Mali militia death toll


Nearly 300 Malian civilians were killed in fighting between rival militias this year, the UN human rights office said, as inter-communal violence across the country threatens a presidential election due later this month.

Malians head to the polls on July 29 for a vote meant to halt six years of political unrest, jihadist attacks and ethnic clashes. The situation has degenerated in recent months and spilled into neighbouring countries.

Mali’s government repeatedly said the polls, in which incumbent President Ibrahim Boubacar Keita is seeking re-election, will go ahead as planned, but violence threatens to significantly lower turnout.

UN human rights spokesman Rupert Colville said at least 289 civilians were killed in 99 incidents of communal violence since the start of the year, according to investigations by peacekeeping mission MINUSMA.
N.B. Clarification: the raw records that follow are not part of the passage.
(* For every $k\geq 0$, the polynomial $H_k(x)$ is symmetric: for all integers $m$, the coefficient of $x^m$ in $H_k(x)$ equals the coefficient of $x^{2(k+1)(k+2)-1-m}$. Equivalently, writing $h_k(i,j)$ for the coefficient of $x^{2(k+1)i+j}$, one has $h_k(i,j)=h_k(k+1-i,\,2k+1-j)$ for $0\le i\le k+1$, $0\le j\le 2k+1$.
   Context: $B_n(y)=\sum_{\pi\in B_n}y^{\mathrm{des}_B(\pi)}$ is the type $B$ Eulerian polynomial: $B_n$ is the set of signed permutations $\pi_1\cdots\pi_n$ of $[n]$, and with $\pi_0=0$, $\mathrm{des}_B(\pi)$ counts $i\in\{0,\dots,n-1\}$ with $\pi_i>\pi_{i+1}$; $B_0=1$. Define \[H_k(x)=\sum_{l=0}^{k}B_{k-l}(x^{2k+2})(x^{2k+2}-1)^l\sum_{s=l}^{k}\binom{s}{l}x^{2k+1-s}+\sum_{l=0}^{k}B_{k-l}(x^{-2k-2})(x^{-2k-2}-1)^l\sum_{s=l}^{k}\binom{s}{l}x^{2(k+1)^2+s}.\] *)

theory Defs
  imports Complex_Main "HOL-Computational_Algebra.Formal_Laurent_Series"
begin

definition signed_perms :: "nat \<Rightarrow> int list set" where
  "signed_perms n = {\<pi>. length \<pi> = n \<and> distinct (map abs \<pi>) \<and> set (map abs \<pi>) = {1..int n}}"

definition desB :: "int list \<Rightarrow> nat" where
  "desB \<pi> = card {i. i < length \<pi> \<and> (0 # \<pi>) ! i > (0 # \<pi>) ! Suc i}"

definition eulerB :: "nat \<Rightarrow> 'a::comm_ring_1 \<Rightarrow> 'a" where
  "eulerB n y = (\<Sum>\<pi>\<in>signed_perms n. y ^ desB \<pi>)"

definition H :: "nat \<Rightarrow> int fls" where
  "H k =
    (\<Sum>l=0..k. eulerB (k - l) (fls_X ^ (2*k+2)) * (fls_X ^ (2*k+2) - 1) ^ l *
        (\<Sum>s=l..k. of_nat (s choose l) * fls_X ^ (2*k+1-s)))
  + (\<Sum>l=0..k. eulerB (k - l) (fls_X_inv ^ (2*k+2)) * (fls_X_inv ^ (2*k+2) - 1) ^ l *
        (\<Sum>s=l..k. of_nat (s choose l) * fls_X ^ (2*(k+1)^2+s)))"

end

theory Submission
  imports Defs
begin

text \<open>
  The first sum in \<open>H k\<close> is \<open>F(x)\<close> for an integer polynomial \<open>F\<close>, and since
  \<open>x^D \<cdot> x^-(2k+1-s) = x^(2(k+1)^2+s)\<close> with \<open>D = 2(k+1)(k+2) - 1\<close>, the second sum is the
  reciprocal \<open>x^D F(1/x)\<close>. So the coefficient of \<open>x^m\<close> in \<open>H k\<close> is \<open>F\<^sub>m + F\<^sub>D\<^sub>-\<^sub>m\<close>,
  which is invariant under \<open>m \<mapsto> D - m\<close>.
\<close>

definition ipoly :: "int poly \<Rightarrow> 'a::comm_ring_1 \<Rightarrow> 'a" where
  "ipoly p x = poly (map_poly of_int p) x"

lemma map_poly_of_int_add:
  "map_poly of_int (p + q) = map_poly of_int p + (map_poly of_int q :: 'a::comm_ring_1 poly)"
  by (rule poly_eqI) (simp add: coeff_map_poly)

lemma map_poly_of_int_diff:
  "map_poly of_int (p - q) = map_poly of_int p - (map_poly of_int q :: 'a::comm_ring_1 poly)"
  by (rule poly_eqI) (simp add: coeff_map_poly)

lemma map_poly_of_int_mult:
  "map_poly of_int (p * q) = map_poly of_int p * (map_poly of_int q :: 'a::comm_ring_1 poly)"
  by (rule poly_eqI) (simp add: coeff_map_poly coeff_mult)

lemma ipoly_add: "ipoly (p + q) x = ipoly p x + ipoly q x"
  by (simp add: ipoly_def map_poly_of_int_add)

lemma ipoly_diff: "ipoly (p - q) x = ipoly p x - ipoly q x"
  by (simp add: ipoly_def map_poly_of_int_diff)

lemma ipoly_mult: "ipoly (p * q) x = ipoly p x * ipoly q x"
  by (simp add: ipoly_def map_poly_of_int_mult)

lemma ipoly_0: "ipoly 0 x = 0"
  by (simp add: ipoly_def)

lemma ipoly_1: "ipoly 1 x = 1"
  by (simp add: ipoly_def)

lemma ipoly_X: "ipoly [:0, 1:] x = x"
  by (simp add: ipoly_def map_poly_pCons)

lemma ipoly_pCons: "ipoly (pCons a p) x = of_int a + x * ipoly p x"
  by (simp add: ipoly_def map_poly_pCons)

lemma ipoly_of_nat: "ipoly (of_nat n) x = of_nat n"
  by (simp add: ipoly_def of_nat_poly map_poly_pCons)

lemma ipoly_power: "ipoly (p ^ n) x = ipoly p x ^ n"
  by (induction n) (simp_all add: ipoly_1 ipoly_mult)

lemma ipoly_sum: "ipoly (\<Sum>i\<in>A. f i) x = (\<Sum>i\<in>A. ipoly (f i) x)"
  by (induction A rule: infinite_finite_induct) (simp_all add: ipoly_0 ipoly_add)

lemma eulerB_ipoly: "eulerB n (ipoly p x) = ipoly (eulerB n p) x"
  by (simp add: eulerB_def ipoly_sum ipoly_power)

lemma fls_nth_ipoly_X_inv:
  "fls_nth (ipoly p (fls_X_inv :: 'a::comm_ring_1 fls)) m = fls_nth (ipoly p fls_X) (- m)"
proof (induction p arbitrary: m rule: pCons_induct)
  case (pCons a p)
  have "fls_nth (ipoly (pCons a p) (fls_X_inv :: 'a fls)) m = (if m = 0 then of_int a else 0) + fls_nth (ipoly p fls_X_inv) (m + 1)"
    by (simp add: ipoly_pCons fls_X_inv_times_conv_shift fls_of_int_nth)
  also have "\<dots> = (if m = 0 then of_int a else 0) + fls_nth (ipoly p fls_X) (- (m + 1))"
    by (simp only: pCons.IH)
  also have "\<dots> = fls_nth (ipoly (pCons a p) fls_X) (- m)"
    by (simp add: ipoly_pCons fls_X_times_conv_shift fls_of_int_nth)
  finally show ?case .
qed (simp add: ipoly_0)

lemma fls_nth_X_power_times_ipoly_X_inv:
  "fls_nth (fls_X ^ D * ipoly p fls_X_inv) m = fls_nth (ipoly p fls_X) (int D - m)"
  by (simp add: fls_X_power_times_conv_shift fls_nth_ipoly_X_inv)

lemma fls_nth_ipoly_self_reciprocal:
  fixes f :: "'a::comm_ring_1 fls"
  assumes "f = ipoly p fls_X + fls_X ^ D * ipoly p fls_X_inv"
  shows "fls_nth f m = fls_nth f (int D - m)"
  by (simp add: assms fls_nth_X_power_times_ipoly_X_inv)

lemma fls_X_power_times_X_inv_power:
  "b \<le> a \<Longrightarrow> fls_X ^ a * fls_X_inv ^ b = (fls_X ^ (a - b) :: 'a::comm_ring_1 fls)"
  by (rule fls_eqI) (simp add: fls_X_power_times_conv_shift)

definition H_half :: "nat \<Rightarrow> int poly" where
  "H_half k = (\<Sum>l=0..k. eulerB (k - l) ([:0, 1:] ^ (2*k+2)) * ([:0, 1:] ^ (2*k+2) - 1) ^ l *
      (\<Sum>s=l..k. of_nat (s choose l) * [:0, 1:] ^ (2*k+1-s)))"

lemma ipoly_H_half:
  "ipoly (H_half k) x = (\<Sum>l=0..k. eulerB (k - l) (x ^ (2*k+2)) * (x ^ (2*k+2) - 1) ^ l *
      (\<Sum>s=l..k. of_nat (s choose l) * x ^ (2*k+1-s)))"
  unfolding H_half_def
  by (simp only: ipoly_sum ipoly_mult ipoly_power ipoly_diff ipoly_1 ipoly_X ipoly_of_nat
      eulerB_ipoly[symmetric])

lemma H_eq_ipoly_H_half:
  "H k = ipoly (H_half k) fls_X + fls_X ^ (2*(k+1)*(k+2) - 1) * ipoly (H_half k) fls_X_inv"
proof -
  let ?D = "2*(k+1)*(k+2) - 1"
  have "fls_X ^ ?D * ipoly (H_half k) (fls_X_inv :: int fls) =
      (\<Sum>l=0..k. eulerB (k - l) (fls_X_inv ^ (2*k+2)) * (fls_X_inv ^ (2*k+2) - 1) ^ l *
        (\<Sum>s=l..k. of_nat (s choose l) * (fls_X ^ ?D * fls_X_inv ^ (2*k+1-s))))"
    by (simp add: ipoly_H_half sum_distrib_left mult_ac)
  also have "\<dots> = (\<Sum>l=0..k. eulerB (k - l) (fls_X_inv ^ (2*k+2)) * (fls_X_inv ^ (2*k+2) - 1) ^ l *
        (\<Sum>s=l..k. of_nat (s choose l) * fls_X ^ (2*(k+1)^2+s)))"
  proof (intro sum.cong refl arg_cong2[where f = "(*)"])
    fix l s
    assume "s \<in> {l..k}"
    then have "?D - (2*k+1-s) = 2*(k+1)^2+s" and "2*k+1-s \<le> ?D"
      by (auto simp: algebra_simps power2_eq_square)
    then show "fls_X ^ ?D * fls_X_inv ^ (2*k+1-s) = (fls_X ^ (2*(k+1)^2+s) :: int fls)"
      by (simp only: fls_X_power_times_X_inv_power)
  qed
  finally show ?thesis
    by (simp add: H_def ipoly_H_half)
qed

theorem corollary3p3:
  fixes k :: nat
  shows "(\<forall>m::int. fls_nth (H k) m = fls_nth (H k) (2 * (int k + 1) * (int k + 2) - 1 - m)) \<and>
         (\<forall>i j::int. 0 \<le> i \<and> i \<le> int k + 1 \<and> 0 \<le> j \<and> j \<le> 2 * int k + 1 \<longrightarrow>
            fls_nth (H k) (2 * (int k + 1) * i + j) =
            fls_nth (H k) (2 * (int k + 1) * (int k + 1 - i) + (2 * int k + 1 - j)))"
proof -
  have D: "int (2*(k+1)*(k+2) - 1) = 2 * (int k + 1) * (int k + 2) - 1"
    by (simp add: algebra_simps)
  have symmetric: "fls_nth (H k) m = fls_nth (H k) (2 * (int k + 1) * (int k + 2) - 1 - m)" for m
    using fls_nth_ipoly_self_reciprocal[OF H_eq_ipoly_H_half, where m = m] by (simp only: D)
  have reflected_index: "2 * (int k + 1) * (int k + 1 - i) + (2 * int k + 1 - j) =
      2 * (int k + 1) * (int k + 2) - 1 - (2 * (int k + 1) * i + j)" for i j
    by (simp add: algebra_simps)
  show ?thesis
    unfolding reflected_index using symmetric by blast
qed

end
More than 75% of incidents occurred in central Mopti region, he told a news briefing, with more than half taking place since May 1.
“MINUSMA has documented an escalation of attacks allegedly carried out by Dozos (traditional hunters) and elements of Dogon militias against villages or parts of villages occupied primarily by the Fulani community,” Colville said.

Dozos, also known as Donzos, are enmeshed in a long-running conflict with Fulani herders over land, grazing grounds and water rights.
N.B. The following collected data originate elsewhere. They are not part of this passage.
lemma thin_spider_is_mdns:
  assumes "thin_spider V E r s c H" "is_mdns H E TH"
  shows "is_mdns V E (TH @ map c [1..<r+1] @ map s [1..<r+1])"
    and "is_mdns (c ` {1..r} \<union> s ` {1..r}) E (map c [1..<r+1] @ map s [1..<r+1])"
proof -
  have thin: "thin_spider_structure_axioms E r s c"
    using assms(1) by (simp add: thin_spider_def thin_spider_structure_axioms_def)
  have sp: "spider V E r s c H"
    using assms(1) by (simp add: thin_spider_def)
  interpret G: thin_spider_structure V E r s c H
    by (rule thin_spider_structure.intro[OF spider_imp_spider_structure(1)[OF sp] thin])
  interpret G_CS: thin_spider_structure "c ` {1..r} \<union> s ` {1..r}" E r s c "{}"
    by (rule thin_spider_structure.intro[OF spider_imp_spider_structure(2)[OF sp] thin])
  show "is_mdns V E (TH @ map c [1..<r+1] @ map s [1..<r+1])"
    using G.thin_is_mdns assms(2) .
  show "is_mdns (c ` {1..r} \<union> s ` {1..r}) E (map c [1..<r+1] @ map s [1..<r+1])"
    using G_CS.thin_is_mdns[OF is_mdns_empty] by (simp only: append_Nil)
qed

lemma thick_spider_is_mdns:
  assumes "thick_spider V E r s c H" "is_mdns H E TH"
  shows "is_mdns V E (TH @ map s [1..<r+1] @ [c 1, c 2])"
    and "is_mdns (c ` {1..r} \<union> s ` {1..r}) E (map s [1..<r+1] @ [c 1, c 2])"
proof -
  have thick: "thick_spider_structure_axioms E r s c"
    using assms(1) by (simp add: thick_spider_def thick_spider_structure_axioms_def)
  have sp: "spider V E r s c H"
    using assms(1) by (simp add: thick_spider_def)
  interpret G: thick_spider_structure V E r s c H
    by (rule thick_spider_structure.intro[OF spider_imp_spider_structure(1)[OF sp] thick])
  interpret G_CS: thick_spider_structure "c ` {1..r} \<union> s ` {1..r}" E r s c "{}"
    by (rule thick_spider_structure.intro[OF spider_imp_spider_structure(2)[OF sp] thick])
  show "is_mdns V E (TH @ map s [1..<r+1] @ [c 1, c 2])"
    using G.thick_is_mdns assms(2) .
  show "is_mdns (c ` {1..r} \<union> s ` {1..r}) E (map s [1..<r+1] @ [c 1, c 2])"
    using G_CS.thick_is_mdns[OF is_mdns_empty] by (simp only: append_Nil)
qed

lemma gamma_dns_eq_add:
  assumes "is_mdns V E (TH @ Q)" "is_mdns Y E Q" "is_mdns H E TH"
  shows "gamma_dns V E = gamma_dns Y E + gamma_dns H E"
  using is_mdns_imp_gamma_dns[OF assms(1)] is_mdns_imp_gamma_dns[OF assms(2)]
    is_mdns_imp_gamma_dns[OF assms(3)] by simp

theorem proposition8:
  fixes V :: "'a set" and E :: "'a \<Rightarrow> 'a \<Rightarrow> bool" and r :: nat
    and s c :: "nat \<Rightarrow> 'a" and H :: "'a set" and TH :: "'a list"
  assumes "(thin_spider V E r s c H \<and> r \<ge> 2) \<or> (thick_spider V E r s c H \<and> r \<ge> 3)"
    and "is_mdns H E TH"
  shows "gamma_dns V E = gamma_dns (c ` {1..r} \<union> s ` {1..r}) E + gamma_dns H E
    \<and> (thin_spider V E r s c H \<longrightarrow>
         is_mdns V E (TH @ map c [1..<r+1] @ map s [1..<r+1]))
    \<and> (thick_spider V E r s c H \<longrightarrow>
         is_mdns V E (TH @ map s [1..<r+1] @ [c 1, c 2]))"
proof (intro conjI impI)
  show "gamma_dns V E = gamma_dns (c ` {1..r} \<union> s ` {1..r}) E + gamma_dns H E"
    using assms(1)
  proof (elim disjE conjE)
    assume "thin_spider V E r s c H"
    from thin_spider_is_mdns[OF this assms(2)] show ?thesis
      by (rule gamma_dns_eq_add[OF _ _ assms(2)])
  next
    assume "thick_spider V E r s c H"
    from thick_spider_is_mdns[OF this assms(2)] show ?thesis
      by (rule gamma_dns_eq_add[OF _ _ assms(2)])
  qed
  show "is_mdns V E (TH @ map c [1..<r+1] @ map s [1..<r+1])" if "thin_spider V E r s c H"
    using thin_spider_is_mdns(1)[OF that assms(2)] .
  show "is_mdns V E (TH @ map s [1..<r+1] @ [c 1, c 2])" if "thick_spider V E r s c H"
    using thick_spider_is_mdns(1)[OF that assms(2)] .
qed

end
Earlier this month, Dogon militia fighters allegedly killed 16 Fulani civilians during a raid, with some reportedly shot inside the local mosque and others burned alive in their houses, Colville said.

Fulani militia and an al Qaeda-linked jihadist group with close ties to Fulani communities have in turn targeted Dogon and Bambara civilians, he said.

The jihadists’ exploitation of ethnic tensions to win recruits and use Mali as a springboard for attacks into neighbouring Niger and Burkina Faso alarmed former colonial power France and the United States, who deployed thousands of troops to the region.

France intervened in Mali’s desert north in 2013 to drive back Islamist militants threatening to march on the south’s main population centres, but they have since regained a foothold in the north and semi-arid central area.